Your goal
Pick out and copy every line below that has the word "shift".

(Entries shown Opens)

theorem proposition5p2:
  fixes \<A> :: "nat set set" and I :: "'a set set"
  assumes "almost_disjoint \<A>" and "uncountable \<A>" and "is_ideal I"
  shows "FinBW I (Phi \<A>) \<longleftrightarrow>
    (\<forall>f\<in>D_ideal I. \<exists>B. B \<subseteq> \<Union>I \<and> B \<notin> I \<and>
        (\<forall>n. finite {x \<in> B. f x = n}) \<and> f ` B \<in> Fin2 \<A>)"
proof
  assume "FinBW I (Phi \<A>)"
  then show "\<forall>f\<in>D_ideal I. \<exists>B. B \<subseteq> \<Union>I \<and> B \<notin> I \<and>
      (\<forall>n. finite {x \<in> B. f x = n}) \<and> f ` B \<in> Fin2 \<A>"
    using FinBW_PhiD[OF assms(1,3)] by blast
next
  assume "\<forall>f\<in>D_ideal I. \<exists>B. B \<subseteq> \<Union>I \<and> B \<notin> I \<and>
      (\<forall>n. finite {x \<in> B. f x = n}) \<and> f ` B \<in> Fin2 \<A>"
  then show "FinBW I (Phi \<A>)"
    by (rule FinBW_PhiI[OF assms(1,3)])
qed

end
subsection \<open>Almost sure convergence of the averages\<close>

locale bmc_average = bmc_random_perm M X P \<nu> \<pi>
  for M :: "'b measure" and X :: "nat \<Rightarrow> 'b \<Rightarrow> 'a::metric_space" and P \<nu> \<pi> +
  fixes f :: "'a \<times> 'a \<times> 'a \<Rightarrow> real" and K c \<alpha> :: real
  assumes f_measurable [measurable]: "f \<in> borel_measurable S3" and f_le: "\<And>t. \<bar>f t\<bar> \<le> K"
    and decay: "\<And>j x. \<bar>(Qop P ^^ j) (Pop P f) x\<bar> \<le> c * \<alpha>^j" and \<alpha>: "0 < \<alpha>" "\<alpha> < 1"
begin

definition partial_sum :: "nat \<Rightarrow> 'b \<Rightarrow> real" where
  "partial_sum n \<omega> = (\<Sum>i=1..n. f (\<Delta> (\<pi> \<omega> i) \<omega>))"

definition \<rho> :: real where
  "\<rho> = 2 * (1 + \<alpha>\<^sup>2)"

lemma \<rho>_bounds: "2 \<le> \<rho>" "\<rho> < 4"
proof -
  have "\<alpha>\<^sup>2 < 1" using \<alpha> by (simp add: power_less_one_iff)
  then show "2 \<le> \<rho>" "\<rho> < 4" unfolding \<rho>_def by simp_all
qed

definition B :: real where
  "B = 2 * K\<^sup>2 + c\<^sup>2 * (2 / (1 - \<alpha>\<^sup>2))"

lemma B_nonneg: "0 \<le> B"
proof -
  have "\<alpha>\<^sup>2 < 1" using \<alpha> by (simp add: power_less_one_iff)
  then show ?thesis unfolding B_def by simp
qed

lemma f_\<Delta>_\<pi>_measurable [measurable]: "(\<lambda>\<omega>. f (\<Delta> (\<pi> \<omega> i) \<omega>)) \<in> borel_measurable M"
  by (rule measurable_compose_countable[where g="\<lambda>\<omega>. \<pi> \<omega> i"]) auto

lemma partial_sum_measurable [measurable]: "partial_sum n \<in> borel_measurable M"
  unfolding partial_sum_def by measurable

lemma integrable_square_sum_\<pi>:
  assumes "finite I"
  shows "integrable M (\<lambda>\<omega>. (\<Sum>i\<in>I. f (\<Delta> (\<pi> \<omega> i) \<omega>))\<^sup>2)"
proof (rule integrable_bounded[where C="(card I * K)\<^sup>2"])
  show "\<bar>(\<Sum>i\<in>I. f (\<Delta> (\<pi> \<omega> i) \<omega>))\<^sup>2\<bar> \<le> (card I * K)\<^sup>2" for \<omega>
  proof -
    have "\<bar>\<Sum>i\<in>I. f (\<Delta> (\<pi> \<omega> i) \<omega>)\<bar> \<le> (\<Sum>i\<in>I. K)"
      by (intro order_trans[OF sum_abs] sum_mono f_le)
    then show ?thesis using power_mono[OF _ abs_ge_zero, of _ "card I * K" 2] by simp
  qed
qed measurable

lemma integrable_square_partial_sum: "integrable M (\<lambda>\<omega>. (partial_sum m \<omega>)\<^sup>2)"
  unfolding partial_sum_def by (rule integrable_square_sum_\<pi>) simp

lemma integral_square_sum_\<pi>_gen_le:
  assumes I: "I \<subseteq> gen q"
  shows "(\<integral>\<omega>. (\<Sum>i\<in>I. f (\<Delta> (\<pi> \<omega> i) \<omega>))\<^sup>2 \<partial>M) \<le> B * \<rho>^q"
proof -
  define \<phi> where "\<phi> a x = f (x a, x (2*a), x (2*a+1))" for a and x :: "nat \<Rightarrow> 'a"
  have \<phi>_path: "\<phi> a (path \<omega>) = f (\<Delta> a \<omega>)" for a \<omega> unfolding \<phi>_def path_def \<Delta>_def by simp
  have \<phi>[measurable]: "\<phi> a \<in> borel_measurable (Pi\<^sub>M UNIV (\<lambda>_. borel))" for a
    unfolding \<phi>_def by measurable
  have \<phi>_le: "\<bar>\<phi> a x\<bar> \<le> K" for a x unfolding \<phi>_def by (rule f_le)
  have "card I \<le> 2^q" using card_mono[OF finite_gen I] unfolding card_gen .
  then have "real (card I) \<le> 2^q" by (metis of_nat_le_iff of_nat_numeral of_nat_power)
  moreover have two_pow: "(2::real)^q \<le> \<rho>^q" using \<rho>_bounds by (intro power_mono) auto
  ultimately have card_I: "real (card I) \<le> \<rho>^q" by linarith
  have "(\<integral>\<omega>. (\<Sum>i\<in>I. f (\<Delta> (\<pi> \<omega> i) \<omega>))\<^sup>2 \<partial>M)
      \<le> card I * K\<^sup>2 + (\<integral>\<omega>. (\<Sum>a\<in>gen q. f (\<Delta> a \<omega>))\<^sup>2 \<partial>M)"
    using integral_square_sum_\<pi>_le[OF \<phi> \<phi>_le I] unfolding \<phi>_path .
  also have "\<dots> \<le> card I * K\<^sup>2 + (2^q * K\<^sup>2 + (\<integral>\<omega>. (\<Sum>l\<in>gen q. Pop P f (X l \<omega>))\<^sup>2 \<partial>M))"
    using integral_square_sum_gen_le[OF f_measurable f_le] by simp
  also have "\<dots> \<le> card I * K\<^sup>2 + (2^q * K\<^sup>2 + c\<^sup>2 * (2 / (1 - \<alpha>\<^sup>2)) * \<rho>^q)"
    using integral_square_sum_gen_Qop_pow_le[OF Pop_measurable[OF transition f_measurable] decay \<alpha>,
        where q=q and j=0]
    unfolding \<rho>_def by simp
  also have "\<dots> \<le> \<rho>^q * K\<^sup>2 + (\<rho>^q * K\<^sup>2 + c\<^sup>2 * (2 / (1 - \<alpha>\<^sup>2)) * \<rho>^q)"
    using mult_right_mono[OF card_I, of "K\<^sup>2"] mult_right_mono[OF two_pow, of "K\<^sup>2"] by simp
  also have "\<dots> = B * \<rho>^q" unfolding B_def by (simp add: algebra_simps)
  finally show ?thesis .
qed
(* Let $g\in\mathcal{H}(\mathbb{D})$. (a) If $g(0)=0$ and $L=P(g)\delta_0\in\mathscr{A}_g$ for some polynomial $P$, then $L=0$. (b) A $g$-operator $L$ is trivial if and only if $L(z^\ell)=0$ for every $\ell\in\mathbb{N}$.
   Context: $\mathcal{H}(\mathbb{D})$ is the space of analytic functions on the unit disc. For $g\in\mathcal{H}(\mathbb{D})$, operators on $\mathcal{H}(\mathbb{D})$: $M_gf=fg$, $T_gf(z)=\int_0^zf(\zeta)g'(\zeta)\,d\zeta$, $S_gf(z)=\int_0^zf'(\zeta)g(\zeta)\,d\zeta$, $\delta_0f=f(0)$; $h\,\delta_0$ denotes $f\mapsto f(0)h$. $\mathscr{A}_g$ is the algebra generated by $M_g,S_g,T_g$ (linear span of finite compositions of these, at least one factor); its elements are called $g$-operators. A $g$-operator $L$ is trivial if $L=g(0)P(g-g(0))\delta_0$ for some polynomial $P$. $\mathbb{N}$ is the positive integers. *)

theory Defs
  imports "HOL-Complex_Analysis.Complex_Analysis" "HOL-Computational_Algebra.Polynomial"
begin

type_synonym op = "(complex \<Rightarrow> complex) \<Rightarrow> (complex \<Rightarrow> complex)"

text \<open>Elements of H(D): functions holomorphic on the open unit disc
(values outside the disc are irrelevant).\<close>
definition HD :: "(complex \<Rightarrow> complex) set" where
  "HD = {f. f holomorphic_on ball 0 1}"

definition op_eq :: "op \<Rightarrow> op \<Rightarrow> bool" where
  "op_eq L L' \<longleftrightarrow> (\<forall>f\<in>HD. \<forall>z\<in>ball 0 1. L f z = L' f z)"
lemma integrable_square_inner_diff: "integrable P (\<lambda>x. (v \<bullet> (x - m))\<^sup>2)"
  unfolding square_inner_diff_eq using integrable_component_diff_mult by simp

lemma integrable_inner_diff: "integrable P (\<lambda>x. v \<bullet> (x - m))"
  unfolding inner_vec_def using integrable_component by simp

lemma integral_inner_diff_mean: "(\<integral>x. v \<bullet> (x - mean_vec P) \<partial>P) = 0"
  unfolding inner_vec_def using integrable_component by (simp add: prob_space mean_vec_def)

lemma integral_square_inner_diff_mean:
  "(\<integral>x. (v \<bullet> (x - mean_vec P))\<^sup>2 \<partial>P) = v \<bullet> (cov_matrix P *v v)"
proof -
  have "(\<integral>x. (v \<bullet> (x - mean_vec P))\<^sup>2 \<partial>P)
      = (\<Sum>i\<in>UNIV. \<Sum>j\<in>UNIV. v $ i * v $ j * cov_matrix P $ i $ j)"
    unfolding square_inner_diff_eq using integrable_component_diff_mult by (simp add: cov_matrix_def)
  also have "\<dots> = v \<bullet> (cov_matrix P *v v)"
    by (simp add: inner_vec_def matrix_vector_mult_def sum_distrib_left ac_simps)
  finally show ?thesis .
qed

lemma multippi_est_mean_square_error:
  fixes M :: "'w measure" and X :: "'k set \<Rightarrow> nat \<Rightarrow> 'w \<Rightarrow> real^'k"
  assumes M: "prob_space M"
    and X_rv: "\<forall>I\<in>\<I>. \<forall>j<n I. X I j \<in> borel_measurable M"
    and X_dist: "\<forall>I\<in>\<I>. \<forall>j<n I. distr M borel (X I j) = P"
    and X_indep: "prob_space.indep_vars M (\<lambda>_. borel) (\<lambda>(I, j). X I j) {(I, j). I \<in> \<I> \<and> j < n I}"
    and unbiased: "(\<Sum>I\<in>{I\<in>\<I>. n I > 0}. l I) = axis one 1"
  shows "prob_space.expectation M (\<lambda>\<omega>. (multippi_est \<I> n l X \<omega> - (\<integral>x. x $ one \<partial>P))\<^sup>2)
         = alloc_objective (cov_matrix P) \<I> n l"
proof -
  interpret M: prob_space M by (rule M)
  define J where "J = {(I, j). I \<in> \<I> \<and> j < n I}"
  define h where "h I = (\<lambda>x. l I \<bullet> (x - mean_vec P) / real (n I))" for I
  define Y where "Y = (\<lambda>(I, j) \<omega>. h I (X I j \<omega>))"
  have J_Sigma: "J = Sigma \<I> (\<lambda>I. {..<n I})" by (auto simp: J_def)
  have h_borel: "h I \<in> borel_measurable borel" for I unfolding h_def by simp
  have transfer: "integrable M (\<lambda>\<omega>. f (X I j \<omega>)) \<longleftrightarrow> integrable P f"
    "M.expectation (\<lambda>\<omega>. f (X I j \<omega>)) = (\<integral>x. f x \<partial>P)"
    if "(I, j) \<in> J" "f \<in> borel_measurable borel" for I j and f :: "real^'k \<Rightarrow> real"
    using that X_rv X_dist integrable_distr_eq[of "X I j" M borel f] integral_distr[of "X I j" M borel f]
    by (auto simp: J_def)
  have "(\<integral>x. x $ one \<partial>P) = axis one 1 \<bullet> mean_vec P"
    by (simp add: inner_axis' mean_vec_def)
  then have error: "multippi_est \<I> n l X \<omega> - (\<integral>x. x $ one \<partial>P) = (\<Sum>p\<in>J. Y p \<omega>)" for \<omega>
    using multippi_est_minus_eq_sum[OF unbiased] by (simp add: J_def Y_def h_def case_prod_beta')
  have "M.indep_vars (\<lambda>_. borel) Y J"
    unfolding Y_def J_def
    using M.indep_vars_compose2[OF X_indep, of "\<lambda>(I, j). h I"] h_borel
    by (simp add: case_prod_beta')
  moreover have "finite J" by (simp add: J_Sigma)
  moreover have "integrable M (Y p)" "M.expectation (Y p) = 0" "integrable M (\<lambda>\<omega>. (Y p \<omega>)\<^sup>2)"
    "M.expectation (\<lambda>\<omega>. (Y p \<omega>)\<^sup>2) = l (fst p) \<bullet> (cov_matrix P *v l (fst p)) / (real (n (fst p)))\<^sup>2"
    if "p \<in> J" for p
  proof -
    obtain I j where p: "p = (I, j)" by force
    have square_borel: "(\<lambda>x. (h I x)\<^sup>2) \<in> borel_measurable borel" using h_borel by simp
    show "integrable M (Y p)" "M.expectation (Y p) = 0"
      using transfer[OF that[unfolded p] h_borel[of I]] integrable_inner_diff integral_inner_diff_mean
      by (simp_all add: Y_def p h_def)
    show "integrable M (\<lambda>\<omega>. (Y p \<omega>)\<^sup>2)"
      "M.expectation (\<lambda>\<omega>. (Y p \<omega>)\<^sup>2) = l (fst p) \<bullet> (cov_matrix P *v l (fst p)) / (real (n (fst p)))\<^sup>2"
      using transfer[OF that[unfolded p] square_borel] integrable_square_inner_diff
        integral_square_inner_diff_mean
      by (simp_all add: Y_def p h_def power_divide)
  qed
  ultimately have "M.expectation (\<lambda>\<omega>. (multippi_est \<I> n l X \<omega> - (\<integral>x. x $ one \<partial>P))\<^sup>2)
      = (\<Sum>p\<in>J. l (fst p) \<bullet> (cov_matrix P *v l (fst p)) / (real (n (fst p)))\<^sup>2)"
    unfolding error by (simp add: M.expectation_square_sum_indep_vars)
  also have "\<dots> = (\<Sum>I\<in>\<I>. \<Sum>j<n I. l I \<bullet> (cov_matrix P *v l I) / (real (n I))\<^sup>2)"
    unfolding J_Sigma by (subst sum.Sigma) (simp_all add: split_beta)
  also have "\<dots> = (\<Sum>I\<in>\<I>. if 0 < n I then l I \<bullet> (cov_matrix P *v l I) / real (n I) else 0)"
    by (intro sum.cong) (auto simp: power2_eq_square)
  also have "\<dots> = alloc_objective (cov_matrix P) \<I> n l"
    by (simp add: alloc_objective_def sum.inter_filter)
  finally show ?thesis .
qed
lemma partial_perm_reverse_complement:
  assumes "partial_perm n w"
  shows "partial_perm n (reverse_complement w)"
proof -
  have shift: "w (- t) = map_option (\<lambda>v. v + n) (w (- (t + n)))" for t
    using partial_perm_add_period[OF assms, of "- (t + n)"] by simp
  have "inj_on (reverse_complement w) (dom (reverse_complement w))"
  proof (rule inj_onI)
    fix x y
    assume "x \<in> dom (reverse_complement w)" "y \<in> dom (reverse_complement w)"
      and "reverse_complement w x = reverse_complement w y"
    moreover have "w (- z) = map_option uminus (reverse_complement w z)" for z
      by (simp add: reverse_complement_def option.map_comp o_def option.map_ident)
    ultimately have "- x \<in> dom w" "- y \<in> dom w" "w (- x) = w (- y)"
      unfolding in_dom_reverse_complement by simp_all
    then show "x = y"
      using assms unfolding partial_perm_def by (auto dest: inj_onD)
  qed
  moreover have "x \<in> dom (reverse_complement w) \<longleftrightarrow> x + n \<in> dom (reverse_complement w)" for x
  proof -
    have "- (x + n) \<in> dom w \<longleftrightarrow> - (x + n) + n \<in> dom w"
      using assms unfolding partial_perm_def by blast
    then show ?thesis
      unfolding in_dom_reverse_complement by simp
  qed
  moreover have "reverse_complement w (t + n) = Some (v + n)"
    if "reverse_complement w t = Some v" for t v
    using that shift[of t] unfolding reverse_complement_def
    by (cases "w (- (t + n))") auto
  ultimately show ?thesis
    unfolding partial_perm_def by blast
qed

lemma right_descents_reverse_complement:
  assumes "partial_perm n w"
  shows "t mod n \<in> right_descents n (reverse_complement w) \<longleftrightarrow>
    (- t - 1) mod n \<in> right_descents n w"
  unfolding right_descents_iff[OF partial_perm_reverse_complement[OF assms]]
    right_descents_iff[OF assms]
  by (auto simp: reverse_complement_def)

lemma uminus_mod_eq_iff: "(- x) mod n = y mod n \<longleftrightarrow> x mod n = (- y) mod (n::int)"
  by (metis mod_minus_eq minus_minus)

(Entries shown Closes)

Output
  have shift: "w (- t) = map_option (\<lambda>v. v + n) (w (- (t + n)))" for t
    using that shift[of t] unfolding reverse_complement_def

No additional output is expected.